Professional 3D printing company Ultimaker, which recently welcomed a new CEO and Chief Technology Officer, announced that, over the next year, it will be donating more than twenty of its 3D printers to high schools across the country that actively recruit female students into 3D printing courses. The donation is happening through the company’s new partnership with Ohio-based America Makes, the nation’s leading public-private partnership for AM technology and education, and was on International Women’s Day (IWD). This illustrates Ultimaker’s commitment to increase the representation of women in engineering, and to make helpful resources available to young women interested in STEM careers.
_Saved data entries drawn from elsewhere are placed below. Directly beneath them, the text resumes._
lemma face_diag_act_cop_at_fsingle_merge:
  assumes bs: "length bs = Suc k" and as: "length as = Suc k" and "j < k"
  shows "\<delta> (Suc k) j (diag_act (Suc k) (as, v) (cop_at j (fsingle bs)))
    - diag_act k (face_basis lA rA (Suc k) j (as, v)) (fsingle bs) \<in> ch_rel sA sV k"
proof -
  let ?as = "map2 actA (take k bs) (merge_at j as)"
  define \<phi> where "\<phi> z = (fsingle (?as[j := z], actV (bs!k) v) :: 'a list \<times> 'v \<Rightarrow> 'k)" for z
  define h where "h = (\<lambda>ys. actA (ys!0) (as!j) * actA (ys!1) (as!Suc j))"
  have "linear_mod sA \<phi> (ch_rel sA sV k)"
    unfolding \<phi>_def by (rule linear_mod_ch_slot) (use assms in \<open>simp_all add: length_merge_at\<close>)
  from linear_mod_lin_ext[OF this ch_rel_subspace]
  have rel: "lin_ext fsc (\<lambda>ys. \<phi> (h ys)) (Delta (bs!j)) - \<phi> (lin_ext sA h (Delta (bs!j))) \<in> ch_rel sA sV k" .
  have "lin_ext sA h (Delta (bs!j)) = actA (bs!j) (as!j * as!Suc j)"
    unfolding h_def by (rule actA_times[symmetric])
  also have "\<dots> = ?as ! j"
    using assms by (simp add: merge_at_def nth_append)
  finally have "\<phi> (lin_ext sA h (Delta (bs!j))) = diag_act k (face_basis lA rA (Suc k) j (as, v)) (fsingle bs)"
    using assms by (simp add: \<phi>_def face_basis_merge)
  moreover have "lin_ext fsc (\<lambda>ys. \<phi> (h ys)) (Delta (bs!j))
      = \<delta> (Suc k) j (diag_act (Suc k) (as, v) (cop_at j (fsingle bs)))"
    unfolding face_diag_act_cop_at_fsingle_eq
  proof (rule lin_ext_cong)
    fix ys assume "ys \<in> fsupp (Delta (bs!j))"
    then obtain y0 y1 where ys: "ys = [y0, y1]" by (blast dest: Delta_support)
    show "\<phi> (h ys) = \<delta> (Suc k) j (diag_act (Suc k) (as, v) (fsingle (take j bs @ ys @ drop (Suc j) bs)))"
      unfolding ys diag_act_fsingle face_fsingle using assms(3)
      by (simp only: face_basis_merge Suc_less_eq merge_at_map2_insert[OF as bs assms(3)] \<phi>_def h_def
          nth_Cons_0 nth_Cons_Suc One_nat_def)
  qed
  ultimately show ?thesis using rel by simp
qed

lemma face_diag_act_cop_at_fsingle_left:
  assumes bs: "length bs = Suc k" and as: "length as = Suc k"
  shows "\<delta> (Suc k) k (diag_act (Suc k) (as, v) (cop_at k (fsingle bs)))
    - diag_act k (face_basis lA rA (Suc k) k (as, v)) (fsingle bs) \<in> ch_rel sA sV k"
proof -
  define \<phi> where "\<phi> w = (fsingle (map2 actA (take k bs) (butlast as), w) :: 'a list \<times> 'v \<Rightarrow> 'k)" for w
  define h where "h = (\<lambda>ys. lA (actA (ys!0) (last as)) (actV (ys!1) v))"
  have "linear_mod sV \<phi> (ch_rel sA sV k)"
    unfolding \<phi>_def by (rule linear_mod_ch_coeff) (use as bs in simp_all)
  from linear_mod_lin_ext[OF this ch_rel_subspace]
  have "lin_ext fsc (\<lambda>ys. \<phi> (h ys)) (Delta (bs!k)) - \<phi> (lin_ext sV h (Delta (bs!k))) \<in> ch_rel sA sV k" .
  moreover have "\<phi> (lin_ext sV h (Delta (bs!k))) = diag_act k (face_basis lA rA (Suc k) k (as, v)) (fsingle bs)"
    by (simp add: face_basis_left \<phi>_def h_def actV_lA)
  moreover have "lin_ext fsc (\<lambda>ys. \<phi> (h ys)) (Delta (bs!k))
      = \<delta> (Suc k) k (diag_act (Suc k) (as, v) (cop_at k (fsingle bs)))"
    unfolding face_diag_act_cop_at_fsingle_eq
    by (rule lin_ext_cong)
      (use as bs in \<open>auto simp: face_basis_left map2_snoc nth_append \<phi>_def h_def dest!: Delta_support\<close>)
  ultimately show ?thesis by simp
qed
“We are delighted that Ultimaker has provided its 3D printing technology – a critical resource we need to grow the representation of women in both technical fields and engineering – particularly additive manufacturing. We believe increasing the number of women pursuing these types of careers will not only benefit the additive industry but all of manufacturing,” said Josh Cramer, Education and Workforce director at America Makes.
This donation is right in line with how IWD suggests we can all help create a more gender-equal world:
- Seek out and celebrate women’s achievements
- Raise awareness against and call out bias
- Take action for equality
According to a 2019 survey conducted by Alexander Daniels Global, less than 15% of engineers in the AM industry industry at the time were women, and there’s very little chance of this statistic changing by the end of the decade if civic organizations, companies, and educational institutions don’t band together and make a concerted effort to support women who are looking to pursue careers in science, technology, engineering and mathematics (STEM) fields. Ultimaker wants to help change this.
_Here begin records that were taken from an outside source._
lemma yoneda_equiv_iff_ext_push_idm:
  assumes "conflation A C M E X i p" "conflation A C M F X j q"
  shows "yoneda_equiv A E X i p F j q \<longleftrightarrow> ext_push A (idm A M) E i p F j q"
  using conflationD[OF assms(2)] unfolding yoneda_equiv_def ext_push_def by simp

lemma yoneda_equiv_trans:
  assumes E: "conflation A C M E X i p" and F: "conflation A C M F X j q"
    and G: "conflation A C M G X k r"
    and "yoneda_equiv A E X i p F j q" "yoneda_equiv A F X j q G k r"
  shows "yoneda_equiv A E X i p G k r"
  using ext_push_comp[OF E F G idm_closed idm_closed] comp_idm_left[OF idm_closed] assms conflationD[OF E]
  by (simp add: yoneda_equiv_iff_ext_push_idm)

lemma yoneda_equiv_sym:
  assumes E: "conflation A C M E X i p" and F: "conflation A C M F X j q"
    and "yoneda_equiv A E X i p F j q"
  shows "yoneda_equiv A F X j q E i p"
proof -
  note ED = conflationD[OF E] and FD = conflationD[OF F]
  obtain \<psi> where \<psi>: "\<psi> \<in> Hom A E F" "\<psi> \<cdot> i = j" "q \<cdot> \<psi> = p"
    using assms(3) unfolding yoneda_equiv_def by blast
  have "is_mono A E F \<psi>"
  proof (rule monoI[OF \<psi>(1) ED(5) FD(5)])
    fix W z assume W: "W \<in> Ob A" and z: "z \<in> Hom A W E" "\<psi> \<cdot> z = zr A W F"
    have "p \<cdot> z = zr A W X"
      using comp_assoc[OF z(1) \<psi>(1) FD(8), symmetric] \<psi> z ED FD W by simp
    then obtain w where w: "w \<in> Hom A W M" "i \<cdot> w = z" using kernel_factor[OF ED(10) z(1) W] by blast
    have "j \<cdot> w = j \<cdot> zr A W M"
      using comp_assoc[OF w(1) ED(7) \<psi>(1), symmetric] \<psi> w z ED FD W by simp
    then have "w = zr A W M" using kernel_cancel[OF FD(10) w(1) zr_closed W] ED W by simp
    then show "z = zr A W E" using w ED W by simp
  qed
  moreover have "is_epi A E F \<psi>"
  proof (rule epiI[OF \<psi>(1) ED(5) FD(5)])
    fix W y assume W: "W \<in> Ob A" and y: "y \<in> Hom A F W" "y \<cdot> \<psi> = zr A E W"
    have "y \<cdot> j = zr A M W"
      using comp_assoc[OF ED(7) \<psi>(1) y(1), symmetric] \<psi> y ED FD W by simp
    then obtain t where t: "t \<in> Hom A X W" "t \<cdot> q = y" using cokernel_factor[OF FD(11) y(1) W] by blast
    have "t \<cdot> p = zr A X W \<cdot> p"
      using comp_assoc[OF \<psi>(1) FD(8) t(1)] \<psi> t y ED FD W by simp
    then have "t = zr A X W" using cokernel_cancel[OF ED(11) t(1) zr_closed W] ED W by simp
    then show "y = zr A F W" using t FD W by simp
  qed
  ultimately obtain \<psi>' where \<psi>': "\<psi>' \<in> Hom A F E" "\<psi>' \<cdot> \<psi> = idm A E" "\<psi> \<cdot> \<psi>' = idm A F"
    using mono_epi_is_iso ED FD unfolding is_iso_def by blast
  have "\<psi>' \<cdot> j = i" using comp_assoc[OF ED(7) \<psi>(1) \<psi>'(1)] \<psi> \<psi>' ED FD by simp
  moreover have "p \<cdot> \<psi>' = q" using comp_assoc[OF \<psi>'(1) \<psi>(1) FD(8)] \<psi> \<psi>' ED FD by simp
  ultimately show ?thesis unfolding yoneda_equiv_def using \<psi>'(1) by blast
qed

lemma split_conf_iff_ext_push_zr:
  assumes E: "conflation A C M E X i p" and F: "conflation A C N F X j q"
  shows "split_conf A F X q \<longleftrightarrow> ext_push A (zr A M N) E i p F j q"
proof
  note ED = conflationD[OF E] and FD = conflationD[OF F]
  assume "split_conf A F X q"
  then obtain s where s: "s \<in> Hom A X F" "q \<cdot> s = idm A X" unfolding split_conf_def by blast
  have "(s \<cdot> p) \<cdot> i = j \<cdot> zr A M N" using comp_assoc[OF ED(7,8) s(1)] s ED FD by simp
  moreover have "q \<cdot> (s \<cdot> p) = p" using comp_assoc[OF ED(8) s(1) FD(8), symmetric] s ED FD by simp
  moreover have "s \<cdot> p \<in> Hom A E F" using s ED FD by simp
  ultimately show "ext_push A (zr A M N) E i p F j q" unfolding ext_push_def by blast
next
  note ED = conflationD[OF E] and FD = conflationD[OF F]
  assume "ext_push A (zr A M N) E i p F j q"
  then obtain \<phi> where \<phi>: "\<phi> \<in> Hom A E F" "\<phi> \<cdot> i = j \<cdot> zr A M N" "q \<cdot> \<phi> = p" by (rule ext_pushE)
  obtain s where s: "s \<in> Hom A X F" "s \<cdot> p = \<phi>"
    using cokernel_factor[OF ED(11) \<phi>(1) FD(5)] \<phi> ED FD by auto
  have "(q \<cdot> s) \<cdot> p = idm A X \<cdot> p" using comp_assoc[OF ED(8) s(1) FD(8)] s \<phi> ED FD by simp
  then have "q \<cdot> s = idm A X" using cokernel_cancel[OF ED(11) _ idm_closed] s ED FD by (simp add: comp_closed)
  then show "split_conf A F X q" unfolding split_conf_def using s(1) by blast
qed

lemma ext_push_through_pushout:
  assumes P: "is_pushout M E N F i a b j"
    and q: "q \<in> Hom A F X" "q \<cdot> b = p" "q \<cdot> j = zr A N X"
    and E: "conflation A C M E X i p" and G: "conflation A C K G X k r" and c: "c \<in> Hom A N K"
    and "ext_push A (c \<cdot> a) E i p G k r"
  shows "ext_push A c F j q G k r"
proof -
  note D = pushoutD[OF P] and ED = conflationD[OF E] and GD = conflationD[OF G]
  obtain \<psi> where \<psi>: "\<psi> \<in> Hom A E G" "\<psi> \<cdot> i = k \<cdot> (c \<cdot> a)" "r \<cdot> \<psi> = p"
    using assms(8) by (rule ext_pushE)
  have kc: "k \<cdot> c \<in> Hom A N G" using c D GD by simp
  have "\<psi> \<cdot> i = (k \<cdot> c) \<cdot> a" using comp_assoc[OF D(6) c GD(7)] \<psi> D GD by simp
  then obtain h where h: "h \<in> Hom A F G" "h \<cdot> b = \<psi>" "h \<cdot> j = k \<cdot> c"
    using pushout_factor[OF P GD(5) \<psi>(1) kc] by blast
  have "r \<cdot> h = q"
  proof (rule pushout_cancel[OF P ED(6)])
    show "r \<cdot> h \<in> Hom A F X" using h D GD by simp
    show "(r \<cdot> h) \<cdot> b = q \<cdot> b" using comp_assoc[OF D(7) h(1) GD(8)] h \<psi> q D GD by simp
    show "(r \<cdot> h) \<cdot> j = q \<cdot> j"
      using comp_assoc[OF D(8) h(1) GD(8)] comp_assoc[OF c GD(7,8), symmetric] h q c D GD by simp
  qed (rule q(1))
  then show ?thesis unfolding ext_push_def using h by blast
qed

lemma ext_push_exists:
  assumes E: "conflation A C M E X i p" and a: "a \<in> Hom A M N" and N: "N \<in> C"
  shows "\<exists>F j q. conflation A C N F X j q \<and> ext_push A a E i p F j q \<and>
           (\<forall>K G k r c. conflation A C K G X k r \<and> c \<in> Hom A N K \<and> ext_push A (c \<cdot> a) E i p G k r
              \<longrightarrow> ext_push A c F j q G k r)"
proof -
  note ED = conflationD[OF E]
  obtain F b j where P: "is_pushout M E N F i a b j" and j: "is_mono A N F j"
    using pushout_of_mono_exists[OF kernel_is_mono[OF ED(10)] a ED(4,5)] N subcategory_Ob by blast
  note D = pushoutD[OF P]
  obtain q where q: "is_cokernel A N F X j q" "q \<cdot> b = p" using pushout_cokernel[OF P ED(11)] by blast
  have "short_exact A N F X j q"
    unfolding short_exact_def using mono_is_kernel_of_cokernel[OF j q(1)] q(1) by blast
  then have F: "conflation A C N F X j q"
    using ext_closed ED N unfolding conflation_def ext_closed_additive_def by blast
  have "ext_push A a E i p F j q" unfolding ext_push_def using D q by blast
  moreover note ext_push_through_pushout[OF P _ q(2) _ E] cokernelD[OF q(1)]
  ultimately show ?thesis using F by blast
qed

lemma yoneda_equiv_refl: "conflation A C M E X i p \<Longrightarrow> yoneda_equiv A E X i p E i p"
  using conflationD[of M E X i p] unfolding yoneda_equiv_def by (intro bexI[of _ "idm A E"]) auto

lemma proj_obj_lift:
  "proj_obj A C P \<Longrightarrow> conflation A C X E Y i p \<Longrightarrow> g \<in> Hom A P Y \<Longrightarrow> \<exists>h\<in>Hom A P E. p \<cdot> h = g"
  unfolding proj_obj_def by blast

lemma inj_obj_extend:
  "inj_obj A C I \<Longrightarrow> conflation A C X E Y i p \<Longrightarrow> g \<in> Hom A X I \<Longrightarrow> \<exists>h\<in>Hom A E I. h \<cdot> i = g"
  unfolding inj_obj_def by blast

lemma proj_obj_Ob: "proj_obj A C P \<Longrightarrow> P \<in> Ob A"
  unfolding proj_obj_def using subcategory_Ob by blast

lemma factors_through_proj_Hom:
  assumes "factors_through_proj A C M N d" "M \<in> Ob A" "N \<in> Ob A"
  shows "d \<in> Hom A M N"
  using assms proj_obj_Ob unfolding factors_through_proj_def by auto

lemma factors_through_proj_comp:
  assumes "factors_through_proj A C N K e" and f: "f \<in> Hom A M N"
    and Ob: "M \<in> Ob A" "N \<in> Ob A" "K \<in> Ob A"
  shows "factors_through_proj A C M K (e \<cdot> f)"
proof -
  obtain P a b where P: "proj_obj A C P" and a: "a \<in> Hom A N P" and b: "b \<in> Hom A P K"
    and e: "e = b \<cdot> a"
    using assms(1) unfolding factors_through_proj_def by blast
  have "e \<cdot> f = b \<cdot> (a \<cdot> f)" using comp_assoc[OF f a b] e proj_obj_Ob[OF P] Ob by simp
  moreover have "a \<cdot> f \<in> Hom A M P" using f a proj_obj_Ob[OF P] Ob by simp
  ultimately show ?thesis unfolding factors_through_proj_def using P b by blast
qed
“We’re passionate about making professional 3D printers, software, materials, and services that are versatile and easy to use for everyone. But more importantly, we want to add sustainable value as a company and foster an environment of equity that enables the next generation of female engineers to leverage 3D printing and solve the world’s challenges with additive manufacturing. Together we can make it happen,” stated Greg Elfering, the President of Ultimaker Americas.
In order to increase awareness of and availability to 3D printing entrepreneurship opportunities for young women, the donated Ultimaker 3D printers will be distributed to American high schools as part of a new, national outreach program called Additive Edge, which inspires US high school students to explore entrepreneurship and 3D printing. Secondary schools that successfully recruit female students into their AM courses will receive the printers, which are assembled in Tennessee, and every student who passes an engineering course at the participating schools will be able to add “experience with additive manufacturing” to their college applications and professional resumes.
Ultimaker’s 3D printer donation to new partner America Makes is just the most recent example of the company working to boost female representation in STEM careers and in the AM industry as a whole. In fact, a few years ago, Ultimaker donated more than a dozen of its 3D printers to support the national #MakerGirlGoesMobile campaign by MakerGirl, which offers 3D printing sessions and engineering courses to young girls in underserved, rural communities.